>>>>

text \<open>
  If the passage times stayed bounded along a subsequence, a limit of the recentred solutions
  would vanish on a whole history interval and still reach the level \<open>\<delta>\<close>, contradicting the
  uniqueness of the zero solution.
\<close>

lemma passage_times_unbounded:
  assumes z: "\<And>n. range (z n) \<subseteq> {0..M}" "\<And>n. L-lipschitz_on UNIV (z n)"
    and z0: "\<And>n. z n 0 = \<delta>" "\<delta> > 0"
    and early: "\<And>n t. t \<le> - \<tau> n \<Longrightarrow> z n t = \<epsilon> n" "\<epsilon> \<longlonglongrightarrow> 0"
    and \<tau>: "\<And>n. 0 \<le> \<tau> n" and sol: "\<And>n. solves_on h f {- \<tau> n<..<0} (z n)"
  shows "filterlim \<tau> at_top sequentially"
proof (rule ccontr)
  assume "\<not> filterlim \<tau> at_top sequentially"
  then obtain \<sigma> l where \<sigma>: "strict_mono \<sigma>" "0 \<le> l" "(\<lambda>n. \<tau> (\<sigma> n)) \<longlonglongrightarrow> l"
    using bounded_subseq_if_not_tendsto_at_top[of \<tau>] \<tau> by blast
  have "\<exists>e>0. \<forall>\<^sub>F n in sequentially. solves_on h f {t-e<..<t+e} (z (\<sigma> n))" if "t \<in> {-l<..<0}" for t
  proof -
    have "- t < l" using that by simp
    then obtain c where "- t < c" "c < l" using dense by blast
    then have "\<forall>\<^sub>F n in sequentially. c < \<tau> (\<sigma> n)" by (intro order_tendstoD(1)[OF \<sigma>(3)])
    then show ?thesis
      using sol that \<open>- t < c\<close> by (intro solves_near_eventually[where \<tau> = "\<tau> \<circ> \<sigma>" and c = c]) auto
  qed
  then obtain r w where r: "strict_mono r" and lim: "\<And>t. (\<lambda>n. z (\<sigma> (r n)) t) \<longlonglongrightarrow> w t"
    and w: "range w \<subseteq> {0..M}" "L-lipschitz_on UNIV w" "solves_on h f {-l<..<0} w"
    using solution_family_convergent_subseq[of "z \<circ> \<sigma>" M L "{-l<..<0}"] z by auto
  have "w 0 = \<delta>" using lim[of 0] z0(1) LIMSEQ_unique[OF _ tendsto_const] by auto
  have w_early: "w t = 0" if "t < -l" for t
  proof -
    have "(\<lambda>n. \<tau> (\<sigma> (r n))) \<longlonglongrightarrow> l" using LIMSEQ_subseq_LIMSEQ[OF \<sigma>(3) r] by (simp add: o_def)
    then have "\<forall>\<^sub>F n in sequentially. \<tau> (\<sigma> (r n)) < - t" using that by (intro order_tendstoD(2)) auto
    then have ev: "\<forall>\<^sub>F n in sequentially. \<epsilon> (\<sigma> (r n)) = z (\<sigma> (r n)) t"
      by eventually_elim (simp add: early(1))
    have "(\<lambda>n. \<epsilon> (\<sigma> (r n))) \<longlonglongrightarrow> 0"
      using LIMSEQ_subseq_LIMSEQ[OF early(2) strict_mono_o[OF \<sigma>(1) r]] by (simp add: o_def)
    then have "(\<lambda>n. z (\<sigma> (r n)) t) \<longlonglongrightarrow> 0" using ev by (rule Lim_transform_eventually)
    then show ?thesis using lim[of t] LIMSEQ_unique by blast
  qed
  have cont: "continuous_on UNIV w" using w(2) by (rule lipschitz_on_continuous_on)
  have "closure {..< -l} \<subseteq> {t. w t = 0}"
    using w_early by (intro closure_minimal closed_Collect_eq[OF cont continuous_on_const]) auto
  then have w_zero: "w t = 0" if "t \<le> -l" for t using that by auto
  have "w 0 = 0"
  proof (rule solution_stays_zero[of "-l" 0 w])
    show "continuous_on {- l - h..0} w" using cont by (rule continuous_on_subset) simp
    show "\<And>s. s \<in> {- l - h..0} \<Longrightarrow> 0 \<le> w s" using w(1) by (auto simp: image_subset_iff)
  qed (use \<sigma>(2) w(3) w_zero in auto)
  then show False using \<open>w 0 = \<delta>\<close> z0(2) by simp
qed

lemma entire_solution_through_level:
  assumes "0 < \<delta>" "\<delta> < K"
  obtains w L where "range w \<subseteq> {0..\<delta>}" "L-lipschitz_on UNIV w" "w 0 = \<delta>"
    "solves_on h f {..<0} w"
proof -
  obtain z \<tau> \<epsilon> L where \<tau>: "\<And>n. 0 < \<tau> n" and z: "\<And>n. range (z n) \<subseteq> {0..\<delta>}"
    "\<And>n. L-lipschitz_on UNIV (z n)" "\<And>n. z n 0 = \<delta>"
    and early: "\<And>n t. t \<le> - \<tau> n \<Longrightarrow> z n t = \<epsilon> n" "\<epsilon> \<longlonglongrightarrow> 0"
    and sol: "\<And>n. solves_on h f {- \<tau> n<..<0} (z n)"
    using first_passage_family[OF assms] by metis
  have "filterlim \<tau> at_top sequentially"
    using passage_times_unbounded[OF z assms(1) early less_imp_le[OF \<tau>] sol] .
  then have "\<forall>\<^sub>F n in sequentially. 1 - t < \<tau> n" for t by (simp add: filterlim_at_top_dense)
  then have "\<exists>e>0. \<forall>\<^sub>F n in sequentially. solves_on h f {t-e<..<t+e} (z n)" if "t \<in> {..<0}" for t
    using sol that by (intro solves_near_eventually[where \<tau> = \<tau> and c = "1 - t"]) auto
  then obtain r w where "strict_mono r" "\<And>t. (\<lambda>n. z (r n) t) \<longlonglongrightarrow> w t"
    "range w \<subseteq> {0..\<delta>}" "L-lipschitz_on UNIV w" "solves_on h f {..<0} w"
    by (rule solution_family_convergent_subseq[OF z(1,2)]) blast+
  moreover from this(2)[of 0] have "w 0 = \<delta>" using z(3) LIMSEQ_unique[OF _ tendsto_const] by auto
  ultimately show ?thesis using that by blast
qed

text \<open>
  If \<open>w \<ge> a > 0\<close> at arbitrarily negative times, translating \<open>w\<close> along these times yields in
  the limit an entire solution with values in \<open>[0, \<delta>]\<close> that is at least \<open>a\<close> at time \<open>0\<close>;
  attraction would drive it to \<open>K > \<delta>\<close>.
\<close>

lemma tendsto_zero_at_bot:
  assumes w: "range w \<subseteq> {0..\<delta>}" "L-lipschitz_on UNIV w" "solves_on h f {..<0} w"
    and "\<delta> < K"
  shows "(w \<longlongrightarrow> 0) at_bot"
proof (rule order_tendstoI)
  fix a :: real assume "a < 0"
  then show "\<forall>\<^sub>F t in at_bot. a < w t"
    using w(1) by (auto intro!: always_eventually simp: image_subset_iff intro: less_le_trans)
next
  fix a :: real assume "0 < a"
  show "\<forall>\<^sub>F t in at_bot. w t < a"
  proof (rule ccontr)
    assume "\<not> (\<forall>\<^sub>F t in at_bot. w t < a)"
    then have "\<forall>N. \<exists>t\<le>N. a \<le> w t" by (simp add: eventually_at_bot_linorder not_less)
    then have "\<forall>k::nat. \<exists>t. t \<le> - real k \<and> a \<le> w t" by blast
    then obtain s where s: "\<And>k::nat. s k \<le> - real k" "\<And>k. a \<le> w (s k)" by metis
    obtain r v where lim: "(\<lambda>n. w (s (r n))) \<longlonglongrightarrow> v 0"
      and v: "range v \<subseteq> {0..\<delta>}" "L-lipschitz_on UNIV v" "solves_on h f UNIV v"
      by (rule limit_of_past_translates[OF w s(1)]) blast+
    have "a \<le> v 0" using s(2) by (intro LIMSEQ_le_const[OF lim]) auto
    have "continuous_on {-h..} v"
      using lipschitz_on_continuous_on[OF v(2)] by (rule continuous_on_subset) simp
    moreover have "solves_on h f {0<..} v" using v(3) by (rule solves_on_subset) simp
    ultimately have "gsol h f v" using v(1) by (auto simp: gsol_iff image_subset_iff)
    moreover have "\<exists>s\<in>{-h..0}. v s \<noteq> 0"
      using \<open>a \<le> v 0\<close> \<open>0 < a\<close> h_pos by (intro bexI[of _ 0]) auto
    ultimately have "(v \<longlongrightarrow> K) at_top" using attracts by blast
    moreover have "\<forall>\<^sub>F t in at_top. v t \<le> \<delta>" using v(1) by (auto simp: image_subset_iff)
    ultimately have "K \<le> \<delta>" by (rule tendsto_upperbound) simp
    then show False using \<open>\<delta> < K\<close> by simp
  qed
qed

<<<<

Work instructions
Lines from the one containing "LIMSEQ_le_const[OF lim]) auto" to the last line above, both included: copy these exactly and write nothing else.

Your response
    have "a \<le> v 0" using s(2) by (intro LIMSEQ_le_const[OF lim]) auto
    have "continuous_on {-h..} v"
      using lipschitz_on_continuous_on[OF v(2)] by (rule continuous_on_subset) simp
    moreover have "solves_on h f {0<..} v" using v(3) by (rule solves_on_subset) simp
    ultimately have "gsol h f v" using v(1) by (auto simp: gsol_iff image_subset_iff)
    moreover have "\<exists>s\<in>{-h..0}. v s \<noteq> 0"
      using \<open>a \<le> v 0\<close> \<open>0 < a\<close> h_pos by (intro bexI[of _ 0]) auto
    ultimately have "(v \<longlongrightarrow> K) at_top" using attracts by blast
    moreover have "\<forall>\<^sub>F t in at_top. v t \<le> \<delta>" using v(1) by (auto simp: image_subset_iff)
    ultimately have "K \<le> \<delta>" by (rule tendsto_upperbound) simp
    then show False using \<open>\<delta> < K\<close> by simp
  qed
qed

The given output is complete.